You'll find that this strategy works for any possible arrangement of the hats.

第四个人听到后就知道她应当看到前面有偶数顶黑帽子，因为其中一顶在她身后，

但是她只看到了一个， 所以她推测出自己的也是黑帽子。

第五个人至第九个人每个都寻找奇数个黑帽子，他们找到了，所以他们推测 自己的帽子都是白色的。

现在到了站在最前面的你了，假如第九个人看到的是奇数个黑帽子的话，那就只有一种可能（最后一个人是黑帽子）。

你会发现这个策略 对所有的排列组合都是适用的。

The first prisoner has a 50% chance of giving a wrong answer about his own hat, but the parity information he conveys allows everyone else to guess theirs with absolute certainty.

Each begins by expecting to see an odd or even number of hats of the specified color. 

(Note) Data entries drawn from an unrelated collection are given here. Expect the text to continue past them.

(* Let $(\boldsymbol\Sigma,\sigma)$ be a primitive Markov subshift on a countable alphabet with associated set $\mathbb F$, and let $A\in C^0(\boldsymbol\Sigma)$ be bounded above, with summable variations ($\mathrm{Var}(A)<\infty$), and $\inf A|_{\bigcup_{i\in\mathbb F}[i]}>-\infty$. Then there exists a nonnegative, bounded, uniformly continuous function $u_A:\boldsymbol\Sigma\to\mathbb R_+$ with $A+u_A-u_A\circ\sigma\le\beta_A$, which is minimal in the sense that $u_A\le u$ for every nonnegative continuous sub-action $u$ of $A$, and which satisfies $\mathrm{Var}_k(u_A)\le\sum_{j\ge k}\mathrm{Var}_j(A)$ for all $k\ge1$.
   Context: Let $\mathbf M:\mathbb Z_+\times\mathbb Z_+\to\{0,1\}$ be a transition matrix. Put $\mathcal B_0=\{i:\mathbf M(i,j)=1\text{ for some }j\}$, $\mathcal B_n=\{i:\mathbf M(i,j)=1\text{ for some }j\in\mathcal B_{n-1}\}$. $\mathbf M$ is primitive if there exist $\mathbb F\subseteq\mathbb Z_+$ and an integer $K_0\ge0$ such that for all $i,j\in\bigcap_{n\ge0}\mathcal B_n$ there are $\ell_1,\dots,\ell_{K_0}\in\mathbb F$ with $\mathbf M(i,\ell_1)\mathbf M(\ell_1,\ell_2)\cdots\mathbf M(\ell_{K_0},j)=1$. $\boldsymbol\Sigma=\{\mathbf x\in\mathbb Z_+^{\mathbb Z_+}:\mathbf M(x_j,x_{j+1})=1\ \forall j\}$ with metric $d(\mathbf x,\mathbf y)=\lambda^{\min\{j:x_j\neq y_j\}}$, $\lambda\in(0,1)$ fixed; $\sigma$ the left shift; $[i]=\{\mathbf x:x_0=i\}$. $C^0(\boldsymbol\Sigma)$ = continuous real functions. $\mathcal M_\sigma$ = $\sigma$-invariant Borel probabilities; $\beta_A=\sup_{\mu\in\mathcal M_\sigma}\int A\,d\mu$. $\mathrm{Var}_k(A)=\sup\{A(\mathbf x)-A(\mathbf y):d(\mathbf x,\mathbf y)\le\lambda^k\}$, $\mathrm{Var}(A)=\sum_{k\ge1}\mathrm{Var}_k(A)$. A sub-action for $A$ is a continuous $u$ with $A+u-u\circ\sigma\le\beta_A$ everywhere. *)

theory Defs
  imports "HOL-Probability.Probability"
begin

text \<open>Transition matrix: M i j holds iff the matrix entry M(i,j) equals 1.\<close>

definition Bset :: "(nat \<Rightarrow> nat \<Rightarrow> bool) \<Rightarrow> nat \<Rightarrow> nat set" where
  "Bset M n = ((\<lambda>S. {i. \<exists>j\<in>S. M i j}) ^^ n) {i. \<exists>j. M i j}"

definition Bcore :: "(nat \<Rightarrow> nat \<Rightarrow> bool) \<Rightarrow> nat set" where
  "Bcore M = (\<Inter>n. Bset M n)"

definition primitive_with :: "(nat \<Rightarrow> nat \<Rightarrow> bool) \<Rightarrow> nat set \<Rightarrow> bool" where
  "primitive_with M F \<longleftrightarrow> (\<exists>K0::nat. \<forall>i\<in>Bcore M. \<forall>j\<in>Bcore M.
     \<exists>p::nat \<Rightarrow> nat. p 0 = i \<and> p (Suc K0) = j \<and> (\<forall>m\<in>{1..K0}. p m \<in> F)
        \<and> (\<forall>m\<le>K0. M (p m) (p (Suc m))))"

definition Sigma_M :: "(nat \<Rightarrow> nat \<Rightarrow> bool) \<Rightarrow> (nat \<Rightarrow> nat) set" where
  "Sigma_M M = {x. \<forall>j. M (x j) (x (Suc j))}"

definition shift :: "(nat \<Rightarrow> nat) \<Rightarrow> (nat \<Rightarrow> nat)" where
  "shift x = (\<lambda>j. x (Suc j))"

definition dSig :: "real \<Rightarrow> (nat \<Rightarrow> nat) \<Rightarrow> (nat \<Rightarrow> nat) \<Rightarrow> real" where
  "dSig lam x y = (if x = y then 0 else lam ^ (LEAST j. x j \<noteq> y j))"

definition cont_Sig :: "(nat \<Rightarrow> nat \<Rightarrow> bool) \<Rightarrow> real \<Rightarrow> ((nat \<Rightarrow> nat) \<Rightarrow> real) \<Rightarrow> bool" where
  "cont_Sig M lam f \<longleftrightarrow> (\<forall>x\<in>Sigma_M M. \<forall>e>0. \<exists>\<delta>>0. \<forall>y\<in>Sigma_M M.
      dSig lam x y < \<delta> \<longrightarrow> \<bar>f y - f x\<bar> < e)"

definition ucont_Sig :: "(nat \<Rightarrow> nat \<Rightarrow> bool) \<Rightarrow> real \<Rightarrow> ((nat \<Rightarrow> nat) \<Rightarrow> real) \<Rightarrow> bool" where
  "ucont_Sig M lam f \<longleftrightarrow> (\<forall>e>0. \<exists>\<delta>>0. \<forall>x\<in>Sigma_M M. \<forall>y\<in>Sigma_M M.
      dSig lam x y < \<delta> \<longrightarrow> \<bar>f y - f x\<bar> < e)"

definition open_Sig :: "(nat \<Rightarrow> nat \<Rightarrow> bool) \<Rightarrow> real \<Rightarrow> (nat \<Rightarrow> nat) set \<Rightarrow> bool" where
  "open_Sig M lam U \<longleftrightarrow> U \<subseteq> Sigma_M M \<and>
     (\<forall>x\<in>U. \<exists>e>0. \<forall>y\<in>Sigma_M M. dSig lam x y < e \<longrightarrow> y \<in> U)"

definition borel_Sig :: "(nat \<Rightarrow> nat \<Rightarrow> bool) \<Rightarrow> real \<Rightarrow> (nat \<Rightarrow> nat) measure" where
  "borel_Sig M lam = sigma (Sigma_M M) {U. open_Sig M lam U}"

definition inv_measures :: "(nat \<Rightarrow> nat \<Rightarrow> bool) \<Rightarrow> real \<Rightarrow> (nat \<Rightarrow> nat) measure set" where
  "inv_measures M lam = {\<mu>. sets \<mu> = sets (borel_Sig M lam) \<and> prob_space \<mu> \<and>
      shift \<in> measurable \<mu> \<mu> \<and>
      (\<forall>B\<in>sets \<mu>. emeasure \<mu> (shift -` B \<inter> space \<mu>) = emeasure \<mu> B)}"

text \<open>Extended-real integral (positive part minus negative part), allowing value -\<infinity>.\<close>
definition eintegral :: "(nat \<Rightarrow> nat) measure \<Rightarrow> ((nat \<Rightarrow> nat) \<Rightarrow> real) \<Rightarrow> ereal" where
  "eintegral \<mu> f = enn2ereal (\<integral>\<^sup>+ x. ennreal (f x) \<partial>\<mu>) - enn2ereal (\<integral>\<^sup>+ x. ennreal (- f x) \<partial>\<mu>)"

definition beta :: "(nat \<Rightarrow> nat \<Rightarrow> bool) \<Rightarrow> real \<Rightarrow> ((nat \<Rightarrow> nat) \<Rightarrow> real) \<Rightarrow> ereal" where
  "beta M lam A = (SUP \<mu>\<in>inv_measures M lam. eintegral \<mu> A)"

definition Var_k :: "(nat \<Rightarrow> nat \<Rightarrow> bool) \<Rightarrow> real \<Rightarrow> ((nat \<Rightarrow> nat) \<Rightarrow> real) \<Rightarrow> nat \<Rightarrow> ennreal" where
  "Var_k M lam A k = (SUP p\<in>{(x, y). x \<in> Sigma_M M \<and> y \<in> Sigma_M M \<and> dSig lam x y \<le> lam ^ k}.
      ennreal (A (fst p) - A (snd p)))"

definition Var :: "(nat \<Rightarrow> nat \<Rightarrow> bool) \<Rightarrow> real \<Rightarrow> ((nat \<Rightarrow> nat) \<Rightarrow> real) \<Rightarrow> ennreal" where
  "Var M lam A = (\<Sum>k. Var_k M lam A (Suc k))"

definition sub_action :: "(nat \<Rightarrow> nat \<Rightarrow> bool) \<Rightarrow> real \<Rightarrow> ((nat \<Rightarrow> nat) \<Rightarrow> real) \<Rightarrow> ((nat \<Rightarrow> nat) \<Rightarrow> real) \<Rightarrow> bool" where
  "sub_action M lam A u \<longleftrightarrow> cont_Sig M lam u \<and>
     (\<forall>x\<in>Sigma_M M. ereal (A x + u x - u (shift x)) \<le> beta M lam A)"

end

theory Submission
  imports Defs
begin


text \<open>
  For a real number b, the candidate function is
    u(x) = sup ({0} \<union> {S_n A y - n b : y \<in> \<Sigma>, n \<ge> 1, \<sigma>^n y = x}),
  where S_n A y is the Birkhoff sum of A along the orbit of y.  With b = \<beta>_A one shows:
  (1) every nonnegative sub-action dominates u, since it dominates each S_n A y - n b;
  (2) u is itself a sub-action, since the excess set of \<sigma> x contains the excess set of x
      shifted by A x - b;
  (3) u has the variation bound Var_k u \<le> \<Sum>_{j\<ge>k} Var_j A, by gluing preimages of x to x'
      and using the distortion estimate for Birkhoff sums; uniform continuity follows.
  All of this requires that the excesses S_n A y - n b are bounded above.  That is where
  primitivity enters: an orbit segment can be closed up into a periodic orbit through F in
  K0 steps; periodic orbits carry invariant measures, so their Birkhoff averages are at most
  \<beta>_A, while A is bounded below on the cylinders over F.
\<close>

lemma shift_funpow: "(shift ^^ n) x = (\<lambda>j. x (j + n))"
  by (induction n arbitrary: x) (auto simp: shift_def)
(* Let $n,k$ be integers with $2\le k<n$. Then $$\overline{\mathrm{dist}}_F(\mathcal{S}^{n,k},\mathcal{S}^n_+)\le \frac{n-k}{n+k-2}.$$
   Context: $\mathcal{S}^n_+$ denotes the cone of $n\times n$ real symmetric positive semidefinite (PSD) matrices. For integers $2\le k\le n$, the $k$-PSD closure $\mathcal{S}^{n,k}$ is the set of all $n\times n$ real symmetric matrices all of whose $k\times k$ principal submatrices are PSD. For a matrix $M$, $\mathrm{dist}_F(M,\mathcal{S}^n_+)=\inf_{N\in\mathcal{S}^n_+}\|M-N\|_F$, where $\|\cdot\|_F$ is the Frobenius norm. For a set $\mathcal{K}$ of $n\times n$ matrices, $\overline{\mathrm{dist}}_F(\mathcal{K},\mathcal{S}^n_+)=\sup_{M\in\mathcal{K},\ \|M\|_F=1}\mathrm{dist}_F(M,\mathcal{S}^n_+)$. *)

theory Defs
  imports "HOL-Analysis.Analysis"
begin

text \<open>n x n real matrices are represented as real^'n^'n with n = CARD('n).\<close>

definition symmetric_mat :: "real^'n^'n \<Rightarrow> bool" where
  "symmetric_mat M \<longleftrightarrow> transpose M = M"

definition psd_cone :: "(real^'n^'n) set" where
  "psd_cone = {M. symmetric_mat M \<and> (\<forall>x. 0 \<le> x \<bullet> (M *v x))}"

definition principal_psd :: "'n set \<Rightarrow> real^'n^'n \<Rightarrow> bool" where
  "principal_psd I M \<longleftrightarrow> (\<forall>x::'n \<Rightarrow> real. 0 \<le> (\<Sum>i\<in>I. \<Sum>j\<in>I. x i * M $ i $ j * x j))"

definition k_psd_closure :: "nat \<Rightarrow> (real^'n^'n) set" where
  "k_psd_closure k = {M. symmetric_mat M \<and> (\<forall>I. card I = k \<longrightarrow> principal_psd I M)}"

definition frob_norm :: "real^'n^'n \<Rightarrow> real" where
  "frob_norm M = sqrt (\<Sum>i\<in>UNIV. \<Sum>j\<in>UNIV. (M $ i $ j)^2)"

definition dist_F_psd :: "real^'n^'n \<Rightarrow> real" where
  "dist_F_psd M = (INF N\<in>psd_cone. frob_norm (M - N))"

definition sup_dist_F_psd :: "(real^'n^'n) set \<Rightarrow> real" where
  "sup_dist_F_psd K = (SUP M\<in>{M\<in>K. frob_norm M = 1}. dist_F_psd M)"

end

theory Submission
  imports Defs
begin

text \<open>Summing the quadratic forms of all k \<times> k principal submatrices of M \<in> S^{n,k} counts every
  diagonal term C(n-1,k-1) times and every off-diagonal term C(n-2,k-2) times, so
  (n-1) D(x) + (k-1) O(x) \<ge> 0, where D and O are the diagonal and off-diagonal parts of the
  quadratic form of M. Scaling the diagonal of M by 1+t and its off-diagonal part by 1-t, with
  (1+t):(1-t) = (n-1):(k-1), i.e. t = (n-k)/(n+k-2), therefore gives a PSD matrix N, and
  M - N is M with every entry scaled by \<plusminus>t, so ||M - N||_F = t ||M||_F.\<close>

lemma card_supersets_of_card:
  fixes A :: "'a::finite set"
  assumes "card A \<le> k"
  shows "card {I. card I = k \<and> A \<subseteq> I} = (CARD('a) - card A) choose (k - card A)"
proof -
  have "bij_betw (\<lambda>B. B \<union> A) {B. B \<subseteq> - A \<and> card B = k - card A} {I. card I = k \<and> A \<subseteq> I}"
  proof (rule bij_betw_byWitness[where f' = "\<lambda>I. I - A"])
    show "(\<lambda>B. B \<union> A) ` {B. B \<subseteq> - A \<and> card B = k - card A} \<subseteq> {I. card I = k \<and> A \<subseteq> I}"
      using assms by (auto simp: card_Un_disjoint disjoint_eq_subset_Compl)
    show "(\<lambda>I. I - A) ` {I. card I = k \<and> A \<subseteq> I} \<subseteq> {B. B \<subseteq> - A \<and> card B = k - card A}"
      by (auto simp: card_Diff_subset)
  qed auto
  then have "card {I. card I = k \<and> A \<subseteq> I} = card {B. B \<subseteq> - A \<and> card B = k - card A}"
    by (simp add: bij_betw_same_card)
  also have "\<dots> = card (- A) choose (k - card A)"
    by (rule n_subsets) simp
  also have "card (- A) = CARD('a) - card A"
    by (simp add: Compl_eq_Diff_UNIV card_Diff_subset)
  finally show ?thesis .
qed

lemma card_subsets_containing_pair:
  fixes i j :: "'a::finite"
  assumes "2 \<le> k"
  shows "card {I. card I = k \<and> i \<in> I \<and> j \<in> I}
           = (if i = j then (CARD('a) - 1) choose (k - 1) else (CARD('a) - 2) choose (k - 2))"
proof -
  have "{I. card I = k \<and> i \<in> I \<and> j \<in> I} = {I. card I = k \<and> {i, j} \<subseteq> I}"
    by auto
  then show ?thesis
    using card_supersets_of_card[of "{i, j}" k] assms by (cases "i = j") (auto simp: numeral_2_eq_2)
qed

lemma sum_principal_quadratic_forms:
  fixes g :: "'a::finite \<Rightarrow> 'a \<Rightarrow> real"
  shows "(\<Sum>I | card I = k. \<Sum>i\<in>I. \<Sum>j\<in>I. g i j)
       = (\<Sum>i\<in>UNIV. \<Sum>j\<in>UNIV. g i j * real (card {I. card I = k \<and> i \<in> I \<and> j \<in> I}))"
proof -
  let ?S = "{I::'a set. card I = k}"
  have "(\<Sum>i\<in>I. \<Sum>j\<in>I. g i j) = (\<Sum>i\<in>UNIV. \<Sum>j\<in>UNIV. if i \<in> I \<and> j \<in> I then g i j else 0)"
    for I :: "'a set"
  proof -
    have "(\<Sum>i\<in>UNIV. \<Sum>j\<in>UNIV. if i \<in> I \<and> j \<in> I then g i j else 0)
        = (\<Sum>i\<in>UNIV. if i \<in> I then \<Sum>j\<in>I. g i j else 0)"
      by (intro sum.cong refl) (simp add: sum.inter_restrict[symmetric])
    also have "\<dots> = (\<Sum>i\<in>I. \<Sum>j\<in>I. g i j)"
      by (simp add: sum.inter_restrict[symmetric])
    finally show ?thesis ..
  qed
  then have "(\<Sum>I\<in>?S. \<Sum>i\<in>I. \<Sum>j\<in>I. g i j)
      = (\<Sum>I\<in>?S. \<Sum>i\<in>UNIV. \<Sum>j\<in>UNIV. if i \<in> I \<and> j \<in> I then g i j else 0)"
    by (rule sum.cong[OF refl])
  also have "\<dots> = (\<Sum>i\<in>UNIV. \<Sum>j\<in>UNIV. \<Sum>I\<in>?S. if i \<in> I \<and> j \<in> I then g i j else 0)"
    by (subst sum.swap, rule sum.cong[OF refl], rule sum.swap)
  also have "\<dots> = (\<Sum>i\<in>UNIV. \<Sum>j\<in>UNIV. g i j * real (card {I. card I = k \<and> i \<in> I \<and> j \<in> I}))"
    by (intro sum.cong refl) (simp add: sum.inter_filter[symmetric] conj_assoc)
  finally show ?thesis .
qed

lemma binomial_absorption_shifted:
  assumes "2 \<le> k"
  shows "(k - 1) * ((n - 1) choose (k - 1)) = (n - 1) * ((n - 2) choose (k - 2))"
  using binomial_absorption[of "k - 2" "n - 1"] assms
  by (simp add: Suc_diff_Suc numeral_2_eq_2)

definition diag_form :: "real^'n^'n \<Rightarrow> ('n \<Rightarrow> real) \<Rightarrow> real" where
  "diag_form M x = (\<Sum>i\<in>UNIV. x i * M $ i $ i * x i)"

definition offdiag_form :: "real^'n^'n \<Rightarrow> ('n \<Rightarrow> real) \<Rightarrow> real" where
  "offdiag_form M x = (\<Sum>i\<in>UNIV. \<Sum>j\<in>UNIV. if i = j then 0 else x i * M $ i $ j * x j)"

lemma quadratic_form_split_diag_offdiag:
  "(\<Sum>i\<in>UNIV. \<Sum>j\<in>UNIV. (if i = j then a else b) * (x i * M $ i $ j * x j))
     = a * diag_form M x + b * offdiag_form M x"
proof -
  have "(\<Sum>j\<in>UNIV. (if i = j then a else b) * (x i * M $ i $ j * x j))
      = a * (x i * M $ i $ i * x i) + b * (\<Sum>j\<in>UNIV. if i = j then 0 else x i * M $ i $ j * x j)"
    for i
  proof -
    have "(\<Sum>j\<in>UNIV. (if i = j then a else b) * (x i * M $ i $ j * x j))
        = (\<Sum>j\<in>UNIV. a * (if i = j then x i * M $ i $ j * x j else 0)
                     + b * (if i = j then 0 else x i * M $ i $ j * x j))"
      by (rule sum.cong) auto
    then show ?thesis
      by (simp add: sum.distrib flip: sum_distrib_left)
  qed
  then show ?thesis
    unfolding diag_form_def offdiag_form_def by (simp add: sum.distrib sum_distrib_left)
qed

lemma sum_principal_quadratic_forms_eq:
  fixes M :: "real^'n^'n"
  assumes "2 \<le> k"
  shows "(\<Sum>I | card I = k. \<Sum>i\<in>I. \<Sum>j\<in>I. x i * M $ i $ j * x j)
       = real ((CARD('n) - 1) choose (k - 1)) * diag_form M x
         + real ((CARD('n) - 2) choose (k - 2)) * offdiag_form M x"
  unfolding sum_principal_quadratic_forms quadratic_form_split_diag_offdiag[symmetric]
  by (intro sum.cong refl) (simp add: card_subsets_containing_pair[OF assms])

lemma nonneg_combination_rescale:
  fixes a b p q D E :: real
  assumes "0 \<le> a * D + b * E" and "p * a = q * b" and "0 < b" and "0 \<le> p"
  shows "0 \<le> q * D + p * E"
proof -
  have "b * (q * D + p * E) = p * (a * D + b * E)"
    using assms(2) by algebra
  then have "0 \<le> b * (q * D + p * E)"
    using assms(1,4) by simp
  then show ?thesis
    using assms(3) by (simp add: zero_le_mult_iff)
qed

lemma k_psd_closure_averaged_form_nonneg:
  fixes M :: "real^'n^'n"
  assumes M: "M \<in> k_psd_closure k" and k: "2 \<le> k" "k \<le> CARD('n)"
  shows "0 \<le> real (CARD('n) - 1) * diag_form M x + real (k - 1) * offdiag_form M x"
proof (rule nonneg_combination_rescale)
  have principal: "0 \<le> (\<Sum>i\<in>I. \<Sum>j\<in>I. x i * M $ i $ j * x j)" if "card I = k" for I
    using M that by (simp add: k_psd_closure_def principal_psd_def)
  have "0 \<le> (\<Sum>I | card I = k. \<Sum>i\<in>I. \<Sum>j\<in>I. x i * M $ i $ j * x j)"
    by (rule sum_nonneg) (simp add: principal)
  then show "0 \<le> real ((CARD('n) - 1) choose (k - 1)) * diag_form M x
                 + real ((CARD('n) - 2) choose (k - 2)) * offdiag_form M x"
    using k by (simp only: sum_principal_quadratic_forms_eq)
  show "real (k - 1) * real ((CARD('n) - 1) choose (k - 1))
      = real (CARD('n) - 1) * real ((CARD('n) - 2) choose (k - 2))"
    using binomial_absorption_shifted[OF k(1), of "CARD('n)"] by (metis of_nat_mult)
  show "0 < real ((CARD('n) - 2) choose (k - 2))"
    using k by simp
qed simp

definition scale_diag_offdiag :: "real \<Rightarrow> real \<Rightarrow> real^'n^'n \<Rightarrow> real^'n^'n" where
  "scale_diag_offdiag a b M = (\<chi> i j. if i = j then a * M $ i $ j else b * M $ i $ j)"

lemma symmetric_scale_diag_offdiag:
  assumes "symmetric_mat M"
  shows "symmetric_mat (scale_diag_offdiag a b M)"
proof -
  have "M $ j $ i = M $ i $ j" for i j
    using assms by (simp add: symmetric_mat_def vec_eq_iff transpose_def)
  then show ?thesis
    by (simp add: symmetric_mat_def scale_diag_offdiag_def transpose_def vec_eq_iff)
qed

lemma quadratic_form_scale_diag_offdiag:
  "x \<bullet> (scale_diag_offdiag a b M *v x)
     = a * diag_form M (\<lambda>i. x $ i) + b * offdiag_form M (\<lambda>i. x $ i)"
proof -
  have "x \<bullet> (scale_diag_offdiag a b M *v x)
      = (\<Sum>i\<in>UNIV. \<Sum>j\<in>UNIV. (if i = j then a else b) * (x $ i * M $ i $ j * x $ j))"
    unfolding inner_vec_def matrix_vector_mult_def scale_diag_offdiag_def
    by (simp add: sum_distrib_left) (intro sum.cong refl, simp add: algebra_simps)
  then show ?thesis
    by (simp add: quadratic_form_split_diag_offdiag)
qed

lemma scale_diag_offdiag_in_psd_cone:
  fixes M :: "real^'n^'n"
  assumes M: "M \<in> k_psd_closure k" and k: "2 \<le> k" "k \<le> CARD('n)" and "0 \<le> c"
  shows "scale_diag_offdiag (c * real (CARD('n) - 1)) (c * real (k - 1)) M \<in> psd_cone"
proof -
  have "symmetric_mat M"
    using M by (simp add: k_psd_closure_def)
  moreover have "0 \<le> c * (real (CARD('n) - 1) * diag_form M x + real (k - 1) * offdiag_form M x)"
    for x
    using k_psd_closure_averaged_form_nonneg[OF M k] \<open>0 \<le> c\<close> by simp
  ultimately show ?thesis
    by (simp add: psd_cone_def symmetric_scale_diag_offdiag quadratic_form_scale_diag_offdiag
        algebra_simps)
qed

lemma diff_scale_diag_offdiag:
  "M - scale_diag_offdiag a b M = scale_diag_offdiag (1 - a) (1 - b) M"
  by (simp add: scale_diag_offdiag_def vec_eq_iff algebra_simps)

lemma frob_norm_scale_diag_offdiag:
  assumes "\<bar>a\<bar> = \<bar>b\<bar>"
  shows "frob_norm (scale_diag_offdiag a b M) = \<bar>a\<bar> * frob_norm M"
proof -
  have "b\<^sup>2 = a\<^sup>2"
    using assms by (metis power2_abs)
  then have "(scale_diag_offdiag a b M $ i $ j)\<^sup>2 = a\<^sup>2 * (M $ i $ j)\<^sup>2" for i j
    by (simp add: scale_diag_offdiag_def power_mult_distrib)
  then show ?thesis
    by (simp add: frob_norm_def real_sqrt_mult flip: sum_distrib_left)
qed

lemma frob_norm_nonneg: "0 \<le> frob_norm M"
  by (simp add: frob_norm_def sum_nonneg)

lemma dist_F_psd_le_frob_norm_diff:
  assumes "N \<in> psd_cone"
  shows "dist_F_psd M \<le> frob_norm (M - N)"
  unfolding dist_F_psd_def
  by (rule cINF_lower[OF _ assms]) (auto intro: bdd_belowI[where m = 0] simp: frob_norm_nonneg)

lemma dist_F_psd_k_psd_closure_le:
  fixes M :: "real^'n^'n"
  assumes M: "M \<in> k_psd_closure k" and k: "2 \<le> k" "k \<le> CARD('n)"
  shows "dist_F_psd M \<le> (real CARD('n) - real k) / (real CARD('n) + real k - 2) * frob_norm M"
proof -
  define t where "t = (real CARD('n) - real k) / (real CARD('n) + real k - 2)"
  define c where "c = 2 / (real CARD('n) + real k - 2)"
  have den: "real CARD('n) + real k - 2 > 0"
    using k by linarith
  have "0 \<le> c" "0 \<le> t"
    using den k by (simp_all add: t_def c_def)
  have "1 - c * real (CARD('n) - 1) = - t" "1 - c * real (k - 1) = t"
    using den k by (simp_all add: t_def c_def field_simps of_nat_diff)
  have "dist_F_psd M \<le> frob_norm (M - scale_diag_offdiag (c * real (CARD('n) - 1)) (c * real (k - 1)) M)"
    by (rule dist_F_psd_le_frob_norm_diff[OF scale_diag_offdiag_in_psd_cone[OF M k \<open>0 \<le> c\<close>]])
  also have "\<dots> = frob_norm (scale_diag_offdiag (- t) t M)"
    by (simp only: diff_scale_diag_offdiag \<open>1 - c * real (CARD('n) - 1) = - t\<close> \<open>1 - c * real (k - 1) = t\<close>)
  also have "\<dots> = t * frob_norm M"
    using \<open>0 \<le> t\<close> by (simp add: frob_norm_scale_diag_offdiag)
  finally show ?thesis
    by (simp add: t_def)
qed

lemma frob_norm_mat: "frob_norm (mat c :: real^'n^'n) = \<bar>c\<bar> * sqrt CARD('n)"
  by (simp add: frob_norm_def mat_def if_distrib[of power2] sum.delta real_sqrt_mult
      cong: if_cong)

lemma mat_in_k_psd_closure:
  assumes "0 \<le> c"
  shows "(mat c :: real^'n^'n) \<in> k_psd_closure k"
proof -
  have "0 \<le> (\<Sum>i\<in>I. \<Sum>j\<in>I. x i * mat c $ i $ j * x j)" for x and I :: "'n set"
  proof -
    have "(\<Sum>j\<in>I. x i * mat c $ i $ j * x j) = (\<Sum>j\<in>I. if i = j then c * (x i)\<^sup>2 else 0)" for i
      by (rule sum.cong) (auto simp: mat_def power2_eq_square)
    then have "(\<Sum>i\<in>I. \<Sum>j\<in>I. x i * mat c $ i $ j * x j) = (\<Sum>i\<in>I. c * (x i)\<^sup>2)"
      by simp
    then show ?thesis
      using assms by (simp add: sum_nonneg)
  qed
  then show ?thesis
    by (simp add: k_psd_closure_def principal_psd_def symmetric_mat_def transpose_mat)
qed

lemma k_psd_closure_unit_frob_norm_nonempty:
  "{M \<in> (k_psd_closure k :: (real^'n^'n) set). frob_norm M = 1} \<noteq> {}"
proof -
  have "mat (1 / sqrt CARD('n)) \<in> (k_psd_closure k :: (real^'n^'n) set)"
    by (rule mat_in_k_psd_closure) simp
  moreover have "frob_norm (mat (1 / sqrt CARD('n)) :: real^'n^'n) = 1"
    unfolding frob_norm_mat by simp
  ultimately show ?thesis
    by blast
qed

theorem theorem1:
  fixes k :: nat
  assumes "2 \<le> k" and "k < CARD('n::finite)"
  shows "sup_dist_F_psd (k_psd_closure k :: (real^'n^'n) set)
           \<le> (real CARD('n) - real k) / (real CARD('n) + real k - 2)"
  unfolding sup_dist_F_psd_def
proof (rule cSUP_least[OF k_psd_closure_unit_frob_norm_nonempty])
  fix M :: "real^'n^'n"
  assume "M \<in> {M \<in> k_psd_closure k. frob_norm M = 1}"
  then show "dist_F_psd M \<le> (real CARD('n) - real k) / (real CARD('n) + real k - 2)"
    using dist_F_psd_k_psd_closure_le[of M k] assms by simp
qed

end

If what they count doesn't match, that means their own hat is that color. 

And everytime this happens, the next person in line will switch the parity they expect to see.

So that's it, you're free to go. 

It looks like these aliens will have to go hungry, or find some less logical organisms to abduct.

最开始的那个人有50%的几率出错，但是他传达的奇偶性的信息让其他所有人都可以猜对自己帽子的颜色。

每个人在开始时都假定自己 应当在身前看到奇数或偶数个特定颜色的帽子，如果他们的数字不对的话， 意味着他们自己的帽子就是那种特定的颜色。

每次这样的情况发生后，下个人就知道他们需要看到 奇数还是偶数个特定颜色的帽子。

好了成功了，你们可以走了。

看起来这些外星人只好饿肚子了，或者去找些其他逻辑差的生物来绑架。